Coming Home [ HP LaserRX/MPE: A Journey of Discovery ] MPE/iX 5.0 Documentation


HP LaserRX/MPE: A Journey of Discovery

Coming Home 

Whether this system has a CPU bottleneck remains a question.  Where else
would you look to find the answer?  While still using the TRAPPER2.PRF
file, do the following:

   1.  Close all open graphs.

   2.  From the Draw Graphs dialog box, select the following:

          a.  Graph=Global CPU Utilization and Global System CPU
              Utilization.

              Remember to deselect Application Transaction Response.

          b.  X-Axis=Week.

          c.  Points Every...=Hour.

          d.  Shift=All Day.

          e.  Starting Day=15 August 1988.

          f.  Ignore Weekends=Enabled (checked).

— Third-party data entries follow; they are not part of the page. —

(* Let $N,\nu,M$ be positive integers and $A$ an $N\times N$ complex matrix with $A_{ij}=|A_{ij}|e^{i\varphi(i,j)}$ ($\varphi$ real). Let $S_1,\dots,S_\nu\subseteq[1,N]\times[1,N]$ be pairwise disjoint with union $[1,N]\times[1,N]$, and for $(i,j)$ let $k(i,j)$ be the $k$ with $(i,j)\in S_k$. Suppose there are positive integers $d_k,d'_k$ with $\#\{i:(i,j)\in S_k\}=d_k$ for all $j$ and $\#\{j:(i,j)\in S_k\}=d'_k$ for all $i$, and reals $g_k\ge0$ with $|A_{ij}|\le g_k$ for all $(i,j)\in S_k$, such that $\alpha_{\mathrm{zig}}:=\sum_{k=1}^\nu\sqrt{d_kd'_k}\,g_k>0$. Let $U$ be the circuit described in the context. Then for every $|\Psi\rangle=\sum_j\psi_j|j\rangle$, $$(\langle0|_{\mathrm{anc}}\otimes I_{R_2})\,U\,(|0\rangle_{\mathrm{anc}}\otimes|\Psi\rangle)=\frac{\tilde A}{\alpha_{\mathrm{zig}}}|\Psi\rangle,\quad\tilde A_{ij}=e^{i\varphi(i,j)}\frac{g_{k(i,j)}c_{ij}}{M},$$ with $c_{ij}=\#\{m\in\{1,\dots,M\}:m\,g_{k(i,j)}\le M|A_{ij}|\}$. Consequently $|\tilde A_{ij}-A_{ij}|\le g_{k(i,j)}/M$, and $U$ block-encodes $A$ with rescaling factor $\alpha_{\mathrm{zig}}$ (up to this rounding).
   Context: States: $|\chi_j\rangle=\alpha_{\mathrm{zig}}^{-1/2}\sum_{k=1}^\nu\sum_{i:(i,j)\in S_k}(d'_k/d_k)^{1/4}\sqrt{g_k}\,|k\rangle|i\rangle$ and $|\phi_i\rangle=\alpha_{\mathrm{zig}}^{-1/2}\sum_{k=1}^\nu\sum_{j:(i,j)\in S_k}(d_k/d'_k)^{1/4}\sqrt{g_k}\,|k\rangle|j\rangle$ (both normalized). Registers: flag qubit $F$; sampling register $\mathrm{Sm}$ with orthonormal states $|0\rangle,\dots,|M\rangle$; value registers $V_A,V_G$ (exact reals, initial $|0\rangle$); label register $K$ with states $|0\rangle,|1\rangle,\dots,|\nu\rangle$; index registers $R_1,R_2$ with states $|0\rangle,|1\rangle,\dots,|N\rangle$; $|0\rangle_{\mathrm{anc}}$ is the all-$|0\rangle$ state of $F,\mathrm{Sm},V_A,V_G,K,R_1$. Unitaries: $\mathrm{PREP}_\chi|0\rangle_K|0\rangle_{R_1}|j\rangle_{R_2}=|\chi_j\rangle|j\rangle$; $\mathrm{PREP}_\phi|0\rangle_K|0\rangle_{R_1}|i\rangle_{R_2}=|\phi_i\rangle|i\rangle$; $\mathrm{USP}_M|0\rangle=\frac1{\sqrt M}\sum_{m=1}^M|m\rangle$; $U_A:|i\rangle_{R_1}|j\rangle_{R_2}|0\rangle_{V_A}\mapsto|i\rangle|j\rangle|\,|A_{ij}|\,\rangle$; $U_G:|k\rangle_K|0\rangle_{V_G}\mapsto|k\rangle|g_k\rangle$; $\mathrm{Comp}$ on $(\mathrm{Sm},V_A,V_G,F)$ keeps $F=|0\rangle$ for $|m\rangle|a\rangle|b\rangle$ with $Ma\ge bm$ and sets $F=|1\rangle$ otherwise; $\mathrm{PHASE}_\varphi:|i\rangle|j\rangle\mapsto e^{i\varphi(i,j)}|i\rangle|j\rangle$ on $(R_1,R_2)$; $\mathrm{SWAP}$ exchanges $R_1,R_2$. Circuit $U$ in order: $\mathrm{PREP}_\chi$ and $\mathrm{USP}_M$; $U_G$, $U_A$; $\mathrm{Comp}$, $\mathrm{PHASE}_\varphi$; $U_A^\dagger$, $U_G^\dagger$; $\mathrm{SWAP}$; $\mathrm{USP}_M^\dagger$ and $\mathrm{PREP}_\phi^\dagger$. *)

theory Defs
  imports Complex_Main
begin

text \<open>Computational basis configurations of all registers:
  flag F, sampling register Sm, value registers V_A, V_G (exact reals),
  label register K, index registers R_1, R_2.\<close>
record cfg =
  regF  :: bool
  regSm :: nat
  regVA :: real
  regVG :: real
  regK  :: nat
  regR1 :: nat
  regR2 :: nat

text \<open>State vectors are finitely supported amplitude functions on basis configurations.\<close>
type_synonym qstate = "cfg \<Rightarrow> complex"

definition ket :: "cfg \<Rightarrow> qstate" where
  "ket c = (\<lambda>x. if x = c then 1 else 0)"

definition fsupp :: "qstate \<Rightarrow> bool" where
  "fsupp v \<longleftrightarrow> finite {x. v x \<noteq> 0}"

definition braket :: "qstate \<Rightarrow> qstate \<Rightarrow> complex" where
  "braket v w = (\<Sum>x\<in>{x. v x \<noteq> 0}. cnj (v x) * w x)"

definition unitary_pair :: "(qstate \<Rightarrow> qstate) \<Rightarrow> (qstate \<Rightarrow> qstate) \<Rightarrow> bool" where
  "unitary_pair U Ud \<longleftrightarrow>
     (\<forall>v. fsupp v \<longrightarrow> fsupp (U v) \<and> fsupp (Ud v) \<and> Ud (U v) = v \<and> U (Ud v) = v) \<and>
     (\<forall>v w. fsupp v \<longrightarrow> fsupp w \<longrightarrow> braket (U v) (U w) = braket v w) \<and>
     (\<forall>a v w. fsupp v \<longrightarrow> fsupp w \<longrightarrow>
        U (\<lambda>x. a * v x + w x) = (\<lambda>x. a * U v x + U w x))"

definition unitary_op :: "(qstate \<Rightarrow> qstate) \<Rightarrow> bool" where
  "unitary_op U \<longleftrightarrow> (\<exists>Ud. unitary_pair U Ud)"

text \<open>U acts only on the registers (K,R_1), controlled by R_2: on every basis input it
  leaves all registers other than K and R_1 unchanged.\<close>
definition acts_on_K_R1 :: "(qstate \<Rightarrow> qstate) \<Rightarrow> bool" where
  "acts_on_K_R1 U \<longleftrightarrow>
     (\<forall>c x. U (ket c) x \<noteq> 0 \<longrightarrow> x = c\<lparr>regK := regK x, regR1 := regR1 x\<rparr>)"

definition PHASE :: "(nat \<Rightarrow> nat \<Rightarrow> real) \<Rightarrow> qstate \<Rightarrow> qstate" where
  "PHASE \<phi> v = (\<lambda>c. exp (\<i> * complex_of_real (\<phi> (regR1 c) (regR2 c))) * v c)"

definition SWAP :: "qstate \<Rightarrow> qstate" where
  "SWAP v = (\<lambda>c. v (c\<lparr>regR1 := regR2 c, regR2 := regR1 c\<rparr>))"

definition anc0 :: "nat \<Rightarrow> cfg" where
  "anc0 j = \<lparr>regF = False, regSm = 0, regVA = 0, regVG = 0, regK = 0, regR1 = 0, regR2 = j\<rparr>"

definition input_state :: "(nat \<Rightarrow> complex) \<Rightarrow> qstate" where
  "input_state \<psi> = (\<lambda>c. if (\<exists>j. c = anc0 j) then \<psi> (regR2 c) else 0)"

definition kidx :: "(nat \<Rightarrow> (nat \<times> nat) set) \<Rightarrow> nat \<Rightarrow> nat \<Rightarrow> nat \<Rightarrow> nat" where
  "kidx S \<nu> i j = (THE k. k \<in> {1..\<nu>} \<and> (i, j) \<in> S k)"

definition cnt :: "nat \<Rightarrow> real \<Rightarrow> real \<Rightarrow> nat" where
  "cnt M gk a = card {m \<in> {1..M}. real m * gk \<le> real M * a}"

definition Atilde ::
  "nat \<Rightarrow> (nat \<Rightarrow> (nat \<times> nat) set) \<Rightarrow> (nat \<Rightarrow> real) \<Rightarrow> (nat \<Rightarrow> nat \<Rightarrow> complex)
     \<Rightarrow> (nat \<Rightarrow> nat \<Rightarrow> real) \<Rightarrow> nat \<Rightarrow> nat \<Rightarrow> nat \<Rightarrow> complex" where
  "Atilde \<nu> S g A \<phi> M i j =
     exp (\<i> * complex_of_real (\<phi> i j)) *
     complex_of_real (g (kidx S \<nu> i j) * real (cnt M (g (kidx S \<nu> i j)) (cmod (A i j))) / real M)"

end

theory Submission
  imports Defs
begin

text \<open>Every stage of the circuit sends a computational basis state to an explicit finite
  superposition of basis states, so the state just before the uncomputation of U_A and U_G is a
  superposition over the branches (j, k, i, m) with (i, j) in S_k and m in [1, M], whose flag is
  0 exactly when m g_k \<le> M |A_ij|. The flag survives the uncomputation, which clears the value
  registers. The remaining adjoints are evaluated through (U\<dagger> w)(x) = \<langle>U x, w\<rangle>:
  projecting onto |0>_anc |i> pairs the branch (k, j) of |\<phi>_i> with the branch (j, k, i) of
  |\<chi>_j>, the two amplitudes multiply to g_k / \<alpha>, the two sampling superpositions contribute
  1/M, and summing over the unflagged m counts c_ij. The entrywise error is a rounding error,
  since c_ij = \<lfloor>M |A_ij| / g_k\<rfloor>.\<close>

section \<open>Finite superpositions of basis states\<close>

abbreviation conf :: "bool \<Rightarrow> nat \<Rightarrow> real \<Rightarrow> real \<Rightarrow> nat \<Rightarrow> nat \<Rightarrow> nat \<Rightarrow> cfg" where
  "conf F m va vg k r1 r2 \<equiv>
     \<lparr>regF = F, regSm = m, regVA = va, regVG = vg, regK = k, regR1 = r1, regR2 = r2\<rparr>"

              Because this file has no weekend data, HP LaserRX/MPE plots
              a 5-day week.

   3.  Click  OK.

[]
Global CPU Utilization and Global System CPU Utilization Graphs The resulting graphs appear virtually identical. Both show how CPU time was used throughout the week, but different information is detailed on each. Look at the Global CPU Utilization graph. CPU use (top of the violet Other area) reaches 100 percent and then flattens out for 4 or 5 hours during the middle of the day (as you saw on the Global Bottlenecks graph at the beginning of this journey). This indicates that if more CPU time were available, somebody would use it. The question is who? Many batch jobs are using CPU time. Usually, batch jobs are either using CPU time or are waiting on disc. Since the Paused-For-Disc area (light blue) is not large, probably only batch jobs would benefit if more CPU were available. Are the interactive sessions getting enough CPU? Yes, the red area at the bottom of the Global CPU Utilization graph rarely shows more than 10 percent busy. Most sessions run at higher priority than batch jobs. Therefore, it is reasonable to say that the interactive sessions are getting all the CPU they need. Actually, this situation is quite unusual. On most systems, interactive sessions use 30 to 50 percent of the CPU during the day. Getting more CPU (or using less) would not help the response times of these interactive sessions very much. It looks like the batch jobs are running all day, every day. Perhaps having the batch jobs complete more quickly would be a good idea. More available CPU might help the batch jobs run faster and complete more quickly.
Axiom You can relieve a performance bottleneck either by supplying more of the critical resource or by using less of it.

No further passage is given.